Went into work at 1:30 yesterday morning because a major provider was moving to a new satellite -- well, moving a satellite right on top of the one they'd been using, with the antennas tilted about 25 degrees to, it is hoped, reduce signal fading due to rain.
With a lot of end-users, hundreds of us, the process was managed with a phone bridge, largely one-way, and quickly developed into a bit of a goat-rope, with all us users on standby while the provide checked different uplink sites and gain modes for the satellite transponders and, finally, had us push the button at our downlinks.
That's when the wheels fell off. Not for me, I was lucky and despite my dire forebodings about spending hours inside the central drum of a six-meter earth station with wrenches and a crowbar, it all worked out okay. Not so much for some of the others; a few found the feed assembly in their dishes had turned the wrong way! Many discovered that when they followed the instruction, "make sure the emergency stop button at the dish is released," they had instead engaged the emergency stop, preventing all dish motion. Wires and waveguides tore loose at other sites and even with talkback carefully controlled, it was apparent that some people were in for a very long night.
As things wound down, we had to call another number to report signal strength and fade margin. The same number the worse-off were calling for detailed technical support. Of course the people on the phone bridge assured us that the two sets of calls were sorted right out and "plenty of techs are available." Yeah -- so many that on my first call, after a half-hour of music on hold, the fancy VOIP phone system at work dropped the call! My next call in was answered after a mere twenty minutes.
But I shouldn't complain. It could have been worse. And I was home in time for a nice breakfast at Taste!

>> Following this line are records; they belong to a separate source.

(* Let $\ell:K(H\times\mathrm{Id})\to HM$ be an abstract GSOS rule with $\ell$-interpretation $b:KC\to C$, and let $k=c^{-1}\cdot Hb^\sharp:HMC\to C$. Then $(C,k)$ is a completely iterative algebra for the functor $HM$.
   Context: Let $\mathcal A$ be a category with binary products and coproducts, let $H:\mathcal A\to\mathcal A$ be a functor with a terminal coalgebra $c:C\to HC$ (so $c$ is an isomorphism by Lambek's lemma), and let $K:\mathcal A\to\mathcal A$ be a functor such that every object $X$ has a free $K$-algebra $\varphi_X:KMX\to MX$ with universal morphism $\eta_X:X\to MX$. Then $(M,\eta,\mu)$ is the free monad on $K$, and $\kappa=\varphi\cdot K\eta:K\to M$. For a $K$-algebra $a:KA\to A$ let $a^\sharp:MA\to A$ be the unique $K$-algebra homomorphism with $a^\sharp\cdot\eta_A=\mathrm{id}_A$; it is an Eilenberg–Moore algebra for $M$. An abstract GSOS rule is a natural transformation $\ell:K(H\times\mathrm{Id})\to HM$; its $\ell$-interpretation is the unique morphism $b:KC\to C$ with $c\cdot b=Hb^\sharp\cdot\ell_C\cdot K\langle c,\mathrm{id}_C\rangle$. For an endofunctor $G$, a flat equation morphism in an object $A$ is a morphism $e:X\to GX+A$; a $G$-algebra $a:GA\to A$ is a completely iterative algebra (cia) if every flat equation morphism $e:X\to GX+A$ has a unique solution, i.e. a unique $e^\dagger:X\to A$ with $e^\dagger=[a,\mathrm{id}_A]\cdot(Ge^\dagger+\mathrm{id}_A)\cdot e$. *)

theory Defs
  imports Main
begin

record ('o, 'm) category =
  Obj  :: "'o set"
  Arr  :: "'m set"
  Dom  :: "'m \<Rightarrow> 'o"
  Cod  :: "'m \<Rightarrow> 'o"
  Ide  :: "'o \<Rightarrow> 'm"
  Comp :: "'m \<Rightarrow> 'm \<Rightarrow> 'm"   \<comment> \<open>Comp g f = g \<cdot> f (first f, then g)\<close>

definition hom :: "('o, 'm) category \<Rightarrow> 'o \<Rightarrow> 'o \<Rightarrow> 'm set" where
  "hom A X Y = {f \<in> Arr A. Dom A f = X \<and> Cod A f = Y}"

definition is_category :: "('o, 'm) category \<Rightarrow> bool" where
  "is_category A \<longleftrightarrow>
     (\<forall>f \<in> Arr A. Dom A f \<in> Obj A \<and> Cod A f \<in> Obj A) \<and>
     (\<forall>X \<in> Obj A. Ide A X \<in> hom A X X) \<and>
     (\<forall>X \<in> Obj A. \<forall>Y \<in> Obj A. \<forall>Z \<in> Obj A. \<forall>f \<in> hom A X Y. \<forall>g \<in> hom A Y Z.
        Comp A g f \<in> hom A X Z) \<and>
     (\<forall>f \<in> Arr A. Comp A f (Ide A (Dom A f)) = f \<and> Comp A (Ide A (Cod A f)) f = f) \<and>
     (\<forall>f \<in> Arr A. \<forall>g \<in> Arr A. \<forall>h \<in> Arr A. Cod A f = Dom A g \<longrightarrow> Cod A g = Dom A h \<longrightarrow>
        Comp A h (Comp A g f) = Comp A (Comp A h g) f)"

record ('o, 'm) endofunctor =
  FObj :: "'o \<Rightarrow> 'o"
  FArr :: "'m \<Rightarrow> 'm"

definition is_endofunctor :: "('o, 'm) category \<Rightarrow> ('o, 'm) endofunctor \<Rightarrow> bool" where
  "is_endofunctor A F \<longleftrightarrow>
     (\<forall>X \<in> Obj A. FObj F X \<in> Obj A) \<and>
     (\<forall>X \<in> Obj A. \<forall>Y \<in> Obj A. \<forall>f \<in> hom A X Y. FArr F f \<in> hom A (FObj F X) (FObj F Y)) \<and>
     (\<forall>X \<in> Obj A. FArr F (Ide A X) = Ide A (FObj F X)) \<and>
     (\<forall>f \<in> Arr A. \<forall>g \<in> Arr A. Cod A f = Dom A g \<longrightarrow>
        FArr F (Comp A g f) = Comp A (FArr F g) (FArr F f))"
(* Let $\mathcal{C}$ be a deflation-exact category and $\mathcal{A}$ an admissibly deflation-percolating subcategory. (1) Consider a commutative diagram $$\begin{array}{ccccc} X&\rightarrowtail&Y&\twoheadrightarrow&Z\\ \downarrow{\scriptstyle f}&&\downarrow{\scriptstyle g}&&\downarrow{\scriptstyle h}\\ X'&\rightarrowtail&Y'&\twoheadrightarrow&Z'\end{array}$$ whose rows are conflations and where $f$ and $h$ are inflations. (a) If $f$ is an $\mathcal{A}^{-1}$-inflation, then $g$ is an inflation. (b) If additionally $h$ is an $\mathcal{A}^{-1}$-inflation, then $g$ is an $\mathcal{A}^{-1}$-inflation. (2) Consider a commutative diagram of the same shape whose rows are conflations and where $f$ and $h$ are deflations. (a) If $f$ is an $\mathcal{A}^{-1}$-deflation, then $g$ is a deflation. (b) If additionally $h$ is an $\mathcal{A}^{-1}$-deflation, then $g$ is an $\mathcal{A}^{-1}$-deflation.
   Context: A conflation category is an additive category with a class of kernel-cokernel pairs (closed under isomorphisms) called conflations; first map an inflation, second a deflation. A deflation-exact category is a conflation category satisfying: (R0) $1_0$ is a deflation; (R1) composites of deflations are deflations; (R2) pullbacks of deflations along arbitrary morphisms exist and are deflations. A non-empty full subcategory $\mathcal{A}$ is admissibly deflation-percolating if: (A1) for every conflation $A'\rightarrowtail A\twoheadrightarrow A''$, $A\in\mathcal{A}$ iff $A',A''\in\mathcal{A}$; (A2) every morphism $C\to A$ with $A\in\mathcal{A}$ factors as a deflation $C\twoheadrightarrow A'$ followed by an inflation $A'\rightarrowtail A$ with $A'\in\mathcal{A}$; (A3) if $a\colon C\rightarrowtail D$ is an inflation and $b\colon C\twoheadrightarrow A$ a deflation with $A\in\mathcal{A}$, the pushout of $a$ along $b$ exists and yields a deflation $D\twoheadrightarrow P$ and an inflation $A\rightarrowtail P$. An $\mathcal{A}^{-1}$-inflation is an inflation with cokernel in $\mathcal{A}$; an $\mathcal{A}^{-1}$-deflation is a deflation with kernel in $\mathcal{A}$. *)

theory Defs
  imports Main
begin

Yes, that's a filet, under a fried egg, on top of new potatoes and Spring vegetables. With some outstanding gravy. That makes up for a little of the lost sleep.
Update
3 days ago
5 comments:
I don't miss the late night/early morning system upgrades. It seemed like I always caught the midnight to 4 AM shift.
Glad things went well.
I can appreciate the plight of those were supposed to do X and instead did "not X." Because the folks that activated the emergency stop button were probably not the same folks who were diagnosing "why won't this "f#@&ing thing move?"

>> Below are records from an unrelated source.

(* Let $G$ be a topological group and $U$ a nonempty open subset of $G$. Then the open cover $\mathcal{U}=\{g\cdot U\}_{g\in G}$ of $G$ admits a $\mathcal{U}$-small partition of unity.
   Context: A partition of unity on $X$ indexed by a nonempty set $S$ is a family $\{f_s\}_{s\in S}$ of functions $f_s:X\to[0,1]$ with $\sum_{s\in S}f_s(x)=1$ for all $x$, such that the induced map $f:X\to l_1(S)$, $f(x)(s)=f_s(x)$, is continuous (where $l_1(S)$ carries the norm $\|g\|=\sum_{s}|g(s)|$). It is $\mathcal{U}$-small if for each $s\in S$ the carrier $f_s^{-1}((0,1])$ is contained in some element of $\mathcal{U}$. *)

theory Defs
  imports "HOL-Analysis.Analysis"
begin

text \<open>A partition of unity on the whole space (type 'a) indexed by a nonempty set S:
  functions f s : 'a -> [0,1], summing to 1 pointwise, such that the induced map
  into l1(S) is continuous, i.e. for every x and e > 0, for all y near x the
  l1-distance sum over s in S of |f s y - f s x| is < e.\<close>
definition partition_of_unity :: "'s set \<Rightarrow> ('s \<Rightarrow> 'a::topological_space \<Rightarrow> real) \<Rightarrow> bool" where
  "partition_of_unity S f \<longleftrightarrow>
     S \<noteq> {} \<and>
     (\<forall>s\<in>S. \<forall>x. 0 \<le> f s x \<and> f s x \<le> 1) \<and>
     (\<forall>x. ((\<lambda>s. f s x) has_sum 1) S) \<and>
     (\<forall>x. \<forall>e>0. \<forall>\<^sub>F y in nhds x. infsum (\<lambda>s. \<bar>f s y - f s x\<bar>) S < e)"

Between this and the FCC audit the other day, I have to believe (your war stories not withstanding) that you work for an organization that mostly has its act together. Or maybe you just make them look good.
Yeah, glad I'm not doing that anymore either!
Enjoy that egg now, the media is currently feeding the GREAT EGG SHORTAGE OF 2015. It will soon cost more than the filet! Of course, if you really want some eggs, just let me know, our chickens seem to be doing fine.
Kerry
Seems unfortunate that there isn't an internationally-linked electronic network of tubes through which those signal reports could have been made, and an instantaneous reply returned.,,
Heh. In a rocket-propelled age, we're still a-horse. And darned grateful it's not shank's mare, too.